SUPPLIED ENTRIES:

++++++++

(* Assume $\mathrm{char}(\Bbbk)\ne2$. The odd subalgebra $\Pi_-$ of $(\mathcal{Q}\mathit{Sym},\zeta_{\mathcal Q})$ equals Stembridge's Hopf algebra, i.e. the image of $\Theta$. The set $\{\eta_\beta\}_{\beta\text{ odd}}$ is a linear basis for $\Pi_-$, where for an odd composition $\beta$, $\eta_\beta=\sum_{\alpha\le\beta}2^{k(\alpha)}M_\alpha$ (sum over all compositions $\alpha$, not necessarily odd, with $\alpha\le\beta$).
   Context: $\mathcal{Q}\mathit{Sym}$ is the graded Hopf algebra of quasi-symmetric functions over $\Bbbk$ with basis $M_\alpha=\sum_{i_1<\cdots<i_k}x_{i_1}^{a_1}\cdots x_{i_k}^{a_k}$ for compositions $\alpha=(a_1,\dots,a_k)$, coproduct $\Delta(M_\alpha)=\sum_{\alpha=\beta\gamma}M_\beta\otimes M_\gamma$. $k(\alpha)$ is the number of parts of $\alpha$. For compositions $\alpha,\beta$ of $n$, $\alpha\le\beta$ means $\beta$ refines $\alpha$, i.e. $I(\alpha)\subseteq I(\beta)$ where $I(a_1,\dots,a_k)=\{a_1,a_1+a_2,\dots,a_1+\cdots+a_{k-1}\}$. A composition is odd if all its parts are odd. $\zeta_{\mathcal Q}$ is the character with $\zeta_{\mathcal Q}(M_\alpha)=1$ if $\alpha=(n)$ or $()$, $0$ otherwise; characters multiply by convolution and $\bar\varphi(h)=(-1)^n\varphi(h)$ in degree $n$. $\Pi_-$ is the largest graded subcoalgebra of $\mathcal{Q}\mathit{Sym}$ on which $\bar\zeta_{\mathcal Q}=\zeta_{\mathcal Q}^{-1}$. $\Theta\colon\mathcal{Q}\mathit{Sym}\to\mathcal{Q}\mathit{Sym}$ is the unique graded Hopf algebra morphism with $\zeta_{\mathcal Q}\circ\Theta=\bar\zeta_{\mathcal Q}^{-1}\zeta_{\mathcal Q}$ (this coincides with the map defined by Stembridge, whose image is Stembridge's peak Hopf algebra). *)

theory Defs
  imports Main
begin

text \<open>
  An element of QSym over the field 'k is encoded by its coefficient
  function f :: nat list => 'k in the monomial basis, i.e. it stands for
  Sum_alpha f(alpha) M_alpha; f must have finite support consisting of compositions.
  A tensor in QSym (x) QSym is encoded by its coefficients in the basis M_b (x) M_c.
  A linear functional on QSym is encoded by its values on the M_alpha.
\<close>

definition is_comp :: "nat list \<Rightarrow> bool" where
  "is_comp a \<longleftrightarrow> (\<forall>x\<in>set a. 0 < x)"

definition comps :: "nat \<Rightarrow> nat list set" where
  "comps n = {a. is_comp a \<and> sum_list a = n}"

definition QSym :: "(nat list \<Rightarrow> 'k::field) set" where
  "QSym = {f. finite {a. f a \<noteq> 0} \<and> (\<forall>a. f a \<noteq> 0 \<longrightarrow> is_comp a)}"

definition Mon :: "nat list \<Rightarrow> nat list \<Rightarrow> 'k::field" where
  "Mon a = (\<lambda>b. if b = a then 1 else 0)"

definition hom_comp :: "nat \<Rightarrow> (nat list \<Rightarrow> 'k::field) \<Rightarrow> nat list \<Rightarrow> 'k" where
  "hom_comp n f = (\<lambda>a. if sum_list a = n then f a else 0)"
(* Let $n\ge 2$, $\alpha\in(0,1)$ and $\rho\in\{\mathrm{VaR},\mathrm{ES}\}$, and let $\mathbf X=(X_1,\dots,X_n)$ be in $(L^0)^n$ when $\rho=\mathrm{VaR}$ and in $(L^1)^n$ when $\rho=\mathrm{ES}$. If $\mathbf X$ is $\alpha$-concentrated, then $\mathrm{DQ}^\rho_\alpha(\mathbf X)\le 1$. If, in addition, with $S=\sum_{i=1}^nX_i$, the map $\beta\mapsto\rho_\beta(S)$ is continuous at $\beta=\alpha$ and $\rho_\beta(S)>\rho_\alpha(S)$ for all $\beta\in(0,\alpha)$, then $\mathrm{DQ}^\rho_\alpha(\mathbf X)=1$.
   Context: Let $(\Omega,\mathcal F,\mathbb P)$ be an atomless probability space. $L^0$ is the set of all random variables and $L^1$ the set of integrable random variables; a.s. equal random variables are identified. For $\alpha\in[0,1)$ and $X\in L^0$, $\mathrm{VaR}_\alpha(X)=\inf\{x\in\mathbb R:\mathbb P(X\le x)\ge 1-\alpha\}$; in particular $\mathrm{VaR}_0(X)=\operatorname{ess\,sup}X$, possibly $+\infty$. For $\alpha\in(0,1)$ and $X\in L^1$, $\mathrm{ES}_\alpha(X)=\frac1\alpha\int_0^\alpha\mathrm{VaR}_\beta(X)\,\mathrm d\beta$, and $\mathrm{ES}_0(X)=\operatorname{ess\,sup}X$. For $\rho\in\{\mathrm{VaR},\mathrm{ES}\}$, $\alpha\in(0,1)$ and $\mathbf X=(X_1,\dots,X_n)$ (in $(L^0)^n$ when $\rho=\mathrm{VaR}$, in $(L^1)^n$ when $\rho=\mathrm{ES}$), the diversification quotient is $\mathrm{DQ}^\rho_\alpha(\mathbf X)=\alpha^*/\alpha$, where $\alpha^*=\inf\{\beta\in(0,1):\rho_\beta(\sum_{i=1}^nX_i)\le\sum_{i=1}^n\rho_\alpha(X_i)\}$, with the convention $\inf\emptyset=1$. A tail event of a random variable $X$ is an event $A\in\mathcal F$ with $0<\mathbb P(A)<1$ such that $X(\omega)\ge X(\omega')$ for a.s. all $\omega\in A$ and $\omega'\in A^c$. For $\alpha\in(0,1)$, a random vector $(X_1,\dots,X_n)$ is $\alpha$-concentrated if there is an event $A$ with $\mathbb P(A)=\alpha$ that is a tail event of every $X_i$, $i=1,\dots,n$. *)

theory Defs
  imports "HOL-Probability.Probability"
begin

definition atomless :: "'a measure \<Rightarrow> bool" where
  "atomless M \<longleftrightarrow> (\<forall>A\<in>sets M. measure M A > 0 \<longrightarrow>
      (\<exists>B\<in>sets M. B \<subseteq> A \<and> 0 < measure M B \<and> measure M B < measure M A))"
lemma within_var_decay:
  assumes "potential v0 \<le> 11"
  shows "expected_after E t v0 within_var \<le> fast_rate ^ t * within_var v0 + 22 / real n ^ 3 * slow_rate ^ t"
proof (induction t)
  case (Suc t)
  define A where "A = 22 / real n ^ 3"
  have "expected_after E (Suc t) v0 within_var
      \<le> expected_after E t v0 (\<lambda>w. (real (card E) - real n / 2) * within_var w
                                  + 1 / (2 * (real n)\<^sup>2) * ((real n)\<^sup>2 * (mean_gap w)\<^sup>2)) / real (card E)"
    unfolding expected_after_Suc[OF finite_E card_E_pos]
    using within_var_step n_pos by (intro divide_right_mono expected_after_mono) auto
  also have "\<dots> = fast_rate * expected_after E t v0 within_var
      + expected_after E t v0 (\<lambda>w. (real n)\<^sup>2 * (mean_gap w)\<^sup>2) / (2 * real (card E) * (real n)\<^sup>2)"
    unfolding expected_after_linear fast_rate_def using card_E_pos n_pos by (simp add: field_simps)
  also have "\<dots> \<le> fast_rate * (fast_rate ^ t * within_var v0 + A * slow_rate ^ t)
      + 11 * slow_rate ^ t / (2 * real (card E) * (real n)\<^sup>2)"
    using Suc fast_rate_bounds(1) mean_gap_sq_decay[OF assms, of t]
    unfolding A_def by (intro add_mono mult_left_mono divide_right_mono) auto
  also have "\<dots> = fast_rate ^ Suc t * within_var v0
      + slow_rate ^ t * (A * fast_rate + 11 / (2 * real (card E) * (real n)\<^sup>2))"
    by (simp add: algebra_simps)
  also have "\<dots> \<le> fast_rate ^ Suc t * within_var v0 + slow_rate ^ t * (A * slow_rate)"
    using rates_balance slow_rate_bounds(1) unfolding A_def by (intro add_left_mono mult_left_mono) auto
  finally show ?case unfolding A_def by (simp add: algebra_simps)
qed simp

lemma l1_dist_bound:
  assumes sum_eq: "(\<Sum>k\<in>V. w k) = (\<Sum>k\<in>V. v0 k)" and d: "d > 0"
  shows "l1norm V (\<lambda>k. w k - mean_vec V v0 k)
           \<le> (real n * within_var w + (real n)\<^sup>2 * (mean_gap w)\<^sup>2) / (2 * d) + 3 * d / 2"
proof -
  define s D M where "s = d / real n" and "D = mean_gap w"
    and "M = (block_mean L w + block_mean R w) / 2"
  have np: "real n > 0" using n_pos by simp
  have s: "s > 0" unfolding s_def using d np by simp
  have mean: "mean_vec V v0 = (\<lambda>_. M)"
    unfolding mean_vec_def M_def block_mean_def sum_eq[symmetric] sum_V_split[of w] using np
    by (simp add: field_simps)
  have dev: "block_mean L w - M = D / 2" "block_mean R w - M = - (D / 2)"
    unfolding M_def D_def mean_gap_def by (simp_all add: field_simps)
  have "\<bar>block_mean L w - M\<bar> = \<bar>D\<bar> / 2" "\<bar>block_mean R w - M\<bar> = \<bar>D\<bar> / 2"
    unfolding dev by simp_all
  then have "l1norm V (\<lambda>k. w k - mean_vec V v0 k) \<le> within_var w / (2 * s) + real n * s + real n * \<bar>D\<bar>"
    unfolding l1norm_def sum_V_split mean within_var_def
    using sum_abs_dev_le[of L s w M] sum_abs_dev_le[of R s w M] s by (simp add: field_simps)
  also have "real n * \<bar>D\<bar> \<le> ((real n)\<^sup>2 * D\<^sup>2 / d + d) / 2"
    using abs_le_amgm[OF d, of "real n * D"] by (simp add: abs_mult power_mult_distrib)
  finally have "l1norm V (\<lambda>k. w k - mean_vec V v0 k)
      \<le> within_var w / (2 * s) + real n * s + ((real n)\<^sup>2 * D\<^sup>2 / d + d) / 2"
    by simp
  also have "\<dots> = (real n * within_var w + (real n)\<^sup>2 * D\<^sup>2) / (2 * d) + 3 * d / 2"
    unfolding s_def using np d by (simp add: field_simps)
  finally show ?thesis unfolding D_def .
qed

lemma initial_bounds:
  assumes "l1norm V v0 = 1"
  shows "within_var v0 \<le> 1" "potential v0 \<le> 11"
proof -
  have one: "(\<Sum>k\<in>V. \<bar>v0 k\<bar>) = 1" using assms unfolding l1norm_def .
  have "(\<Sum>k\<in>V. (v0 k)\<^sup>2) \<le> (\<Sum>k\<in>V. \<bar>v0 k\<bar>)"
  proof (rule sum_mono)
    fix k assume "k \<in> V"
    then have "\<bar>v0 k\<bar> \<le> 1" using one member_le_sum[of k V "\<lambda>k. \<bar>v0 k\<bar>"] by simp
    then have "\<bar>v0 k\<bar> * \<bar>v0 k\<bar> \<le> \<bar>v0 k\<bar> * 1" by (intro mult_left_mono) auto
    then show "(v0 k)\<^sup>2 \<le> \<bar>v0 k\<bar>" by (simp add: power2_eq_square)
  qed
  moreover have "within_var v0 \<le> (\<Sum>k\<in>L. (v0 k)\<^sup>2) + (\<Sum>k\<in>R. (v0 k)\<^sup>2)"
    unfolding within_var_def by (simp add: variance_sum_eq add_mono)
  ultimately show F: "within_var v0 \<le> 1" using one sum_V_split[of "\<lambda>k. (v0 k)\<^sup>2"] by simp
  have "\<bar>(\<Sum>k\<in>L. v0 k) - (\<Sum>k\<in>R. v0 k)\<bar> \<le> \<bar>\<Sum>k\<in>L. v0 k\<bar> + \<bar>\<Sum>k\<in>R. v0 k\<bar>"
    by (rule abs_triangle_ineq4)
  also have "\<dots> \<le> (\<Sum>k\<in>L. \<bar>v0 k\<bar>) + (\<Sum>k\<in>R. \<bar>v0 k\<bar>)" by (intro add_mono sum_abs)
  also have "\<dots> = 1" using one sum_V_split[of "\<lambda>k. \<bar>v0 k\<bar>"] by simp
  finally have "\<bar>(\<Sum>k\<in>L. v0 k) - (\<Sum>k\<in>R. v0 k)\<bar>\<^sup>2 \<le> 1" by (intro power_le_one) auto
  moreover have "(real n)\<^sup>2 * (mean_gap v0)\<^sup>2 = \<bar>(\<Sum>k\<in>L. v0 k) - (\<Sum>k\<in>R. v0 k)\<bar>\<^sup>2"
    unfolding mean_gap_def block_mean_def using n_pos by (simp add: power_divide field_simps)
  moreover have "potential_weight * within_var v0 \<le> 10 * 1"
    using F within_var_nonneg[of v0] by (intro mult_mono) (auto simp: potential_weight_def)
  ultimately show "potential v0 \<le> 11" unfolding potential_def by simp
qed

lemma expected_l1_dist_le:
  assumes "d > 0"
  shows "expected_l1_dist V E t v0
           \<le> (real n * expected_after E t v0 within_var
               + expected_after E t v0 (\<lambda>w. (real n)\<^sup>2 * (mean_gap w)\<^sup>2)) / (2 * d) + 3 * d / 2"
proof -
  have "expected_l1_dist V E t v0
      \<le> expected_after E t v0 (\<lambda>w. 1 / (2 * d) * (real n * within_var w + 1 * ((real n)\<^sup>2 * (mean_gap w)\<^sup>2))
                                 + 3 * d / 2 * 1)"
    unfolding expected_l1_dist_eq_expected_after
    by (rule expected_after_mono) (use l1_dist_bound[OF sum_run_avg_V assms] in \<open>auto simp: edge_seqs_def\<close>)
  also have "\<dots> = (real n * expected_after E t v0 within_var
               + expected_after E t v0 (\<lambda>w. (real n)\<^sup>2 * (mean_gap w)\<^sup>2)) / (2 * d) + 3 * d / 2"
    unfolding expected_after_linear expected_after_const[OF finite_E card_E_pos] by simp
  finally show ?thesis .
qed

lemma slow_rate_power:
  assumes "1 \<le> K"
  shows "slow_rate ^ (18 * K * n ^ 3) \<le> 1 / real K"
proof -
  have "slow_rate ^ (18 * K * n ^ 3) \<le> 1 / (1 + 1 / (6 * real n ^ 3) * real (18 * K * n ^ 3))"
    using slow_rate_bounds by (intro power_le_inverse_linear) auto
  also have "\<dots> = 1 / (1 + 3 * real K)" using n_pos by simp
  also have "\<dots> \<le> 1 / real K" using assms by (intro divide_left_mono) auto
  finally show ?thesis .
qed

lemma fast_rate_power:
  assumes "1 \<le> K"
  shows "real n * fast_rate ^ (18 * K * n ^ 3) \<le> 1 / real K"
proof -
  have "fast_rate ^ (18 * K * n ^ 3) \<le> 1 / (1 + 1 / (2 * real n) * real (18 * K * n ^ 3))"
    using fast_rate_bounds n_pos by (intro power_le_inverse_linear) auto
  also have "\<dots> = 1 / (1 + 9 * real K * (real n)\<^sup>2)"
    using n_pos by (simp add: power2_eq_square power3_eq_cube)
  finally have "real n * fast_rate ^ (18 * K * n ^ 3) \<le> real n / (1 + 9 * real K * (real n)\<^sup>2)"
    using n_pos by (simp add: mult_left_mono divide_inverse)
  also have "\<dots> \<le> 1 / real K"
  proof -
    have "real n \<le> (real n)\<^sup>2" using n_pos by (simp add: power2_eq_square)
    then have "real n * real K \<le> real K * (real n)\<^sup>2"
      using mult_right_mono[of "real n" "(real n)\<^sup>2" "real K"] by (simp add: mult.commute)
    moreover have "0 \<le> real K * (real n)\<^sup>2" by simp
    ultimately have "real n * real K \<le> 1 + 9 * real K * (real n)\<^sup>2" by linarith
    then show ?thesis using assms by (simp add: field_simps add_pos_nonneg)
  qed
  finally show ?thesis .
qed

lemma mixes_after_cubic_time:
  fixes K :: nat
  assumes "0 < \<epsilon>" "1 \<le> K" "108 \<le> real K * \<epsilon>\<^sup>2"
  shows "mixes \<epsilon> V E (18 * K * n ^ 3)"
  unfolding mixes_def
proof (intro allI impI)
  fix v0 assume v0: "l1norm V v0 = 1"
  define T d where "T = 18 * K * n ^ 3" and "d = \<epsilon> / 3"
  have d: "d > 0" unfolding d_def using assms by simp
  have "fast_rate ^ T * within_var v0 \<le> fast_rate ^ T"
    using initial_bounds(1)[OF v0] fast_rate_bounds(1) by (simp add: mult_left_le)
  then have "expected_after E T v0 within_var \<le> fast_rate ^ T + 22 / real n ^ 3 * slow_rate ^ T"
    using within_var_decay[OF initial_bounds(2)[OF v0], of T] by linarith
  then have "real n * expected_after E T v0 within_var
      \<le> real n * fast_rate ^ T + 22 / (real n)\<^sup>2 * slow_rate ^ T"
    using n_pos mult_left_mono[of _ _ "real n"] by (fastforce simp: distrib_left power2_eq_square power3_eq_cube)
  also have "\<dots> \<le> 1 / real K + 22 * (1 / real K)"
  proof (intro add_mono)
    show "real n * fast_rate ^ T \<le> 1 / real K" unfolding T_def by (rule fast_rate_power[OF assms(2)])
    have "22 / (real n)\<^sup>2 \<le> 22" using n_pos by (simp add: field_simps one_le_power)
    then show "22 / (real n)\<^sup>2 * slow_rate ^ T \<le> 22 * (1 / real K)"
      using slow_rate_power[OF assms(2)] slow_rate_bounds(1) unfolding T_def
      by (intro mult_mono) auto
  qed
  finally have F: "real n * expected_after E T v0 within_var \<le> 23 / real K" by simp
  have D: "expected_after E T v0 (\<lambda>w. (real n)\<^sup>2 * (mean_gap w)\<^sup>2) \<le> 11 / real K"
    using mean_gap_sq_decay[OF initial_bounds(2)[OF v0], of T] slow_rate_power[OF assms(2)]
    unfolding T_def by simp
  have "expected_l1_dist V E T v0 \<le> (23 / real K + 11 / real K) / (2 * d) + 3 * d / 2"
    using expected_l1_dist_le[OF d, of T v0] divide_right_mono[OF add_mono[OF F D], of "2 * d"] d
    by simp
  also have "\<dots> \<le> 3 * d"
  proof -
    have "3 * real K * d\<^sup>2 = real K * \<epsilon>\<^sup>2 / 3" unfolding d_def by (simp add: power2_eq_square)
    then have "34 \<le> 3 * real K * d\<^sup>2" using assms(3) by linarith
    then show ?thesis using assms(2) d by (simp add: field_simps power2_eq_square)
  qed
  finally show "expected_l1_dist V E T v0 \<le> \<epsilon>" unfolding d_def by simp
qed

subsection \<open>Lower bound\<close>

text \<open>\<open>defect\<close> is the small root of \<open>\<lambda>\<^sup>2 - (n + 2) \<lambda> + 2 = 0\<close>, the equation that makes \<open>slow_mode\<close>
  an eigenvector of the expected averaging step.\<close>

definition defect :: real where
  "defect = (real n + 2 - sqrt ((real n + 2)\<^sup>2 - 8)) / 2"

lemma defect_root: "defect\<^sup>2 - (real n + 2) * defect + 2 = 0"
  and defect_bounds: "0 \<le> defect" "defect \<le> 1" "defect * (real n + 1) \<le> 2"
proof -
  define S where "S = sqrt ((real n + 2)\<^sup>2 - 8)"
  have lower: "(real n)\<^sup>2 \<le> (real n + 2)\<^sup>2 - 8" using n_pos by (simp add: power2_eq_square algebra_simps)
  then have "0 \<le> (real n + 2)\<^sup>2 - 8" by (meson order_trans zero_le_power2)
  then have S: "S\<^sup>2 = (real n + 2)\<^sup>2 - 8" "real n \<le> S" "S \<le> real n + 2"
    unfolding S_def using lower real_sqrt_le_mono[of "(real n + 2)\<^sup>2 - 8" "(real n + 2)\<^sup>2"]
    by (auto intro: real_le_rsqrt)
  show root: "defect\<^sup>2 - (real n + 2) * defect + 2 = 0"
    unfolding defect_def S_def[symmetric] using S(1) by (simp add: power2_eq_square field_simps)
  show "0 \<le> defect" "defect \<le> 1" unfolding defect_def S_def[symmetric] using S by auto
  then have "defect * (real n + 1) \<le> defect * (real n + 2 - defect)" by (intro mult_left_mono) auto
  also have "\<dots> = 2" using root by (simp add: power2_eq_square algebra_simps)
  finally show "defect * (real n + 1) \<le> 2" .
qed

++++++++

YOUR GOAL: Only the number is wanted: how many lines of the material above include the word "case"?

EXERCISE ANSWER: 2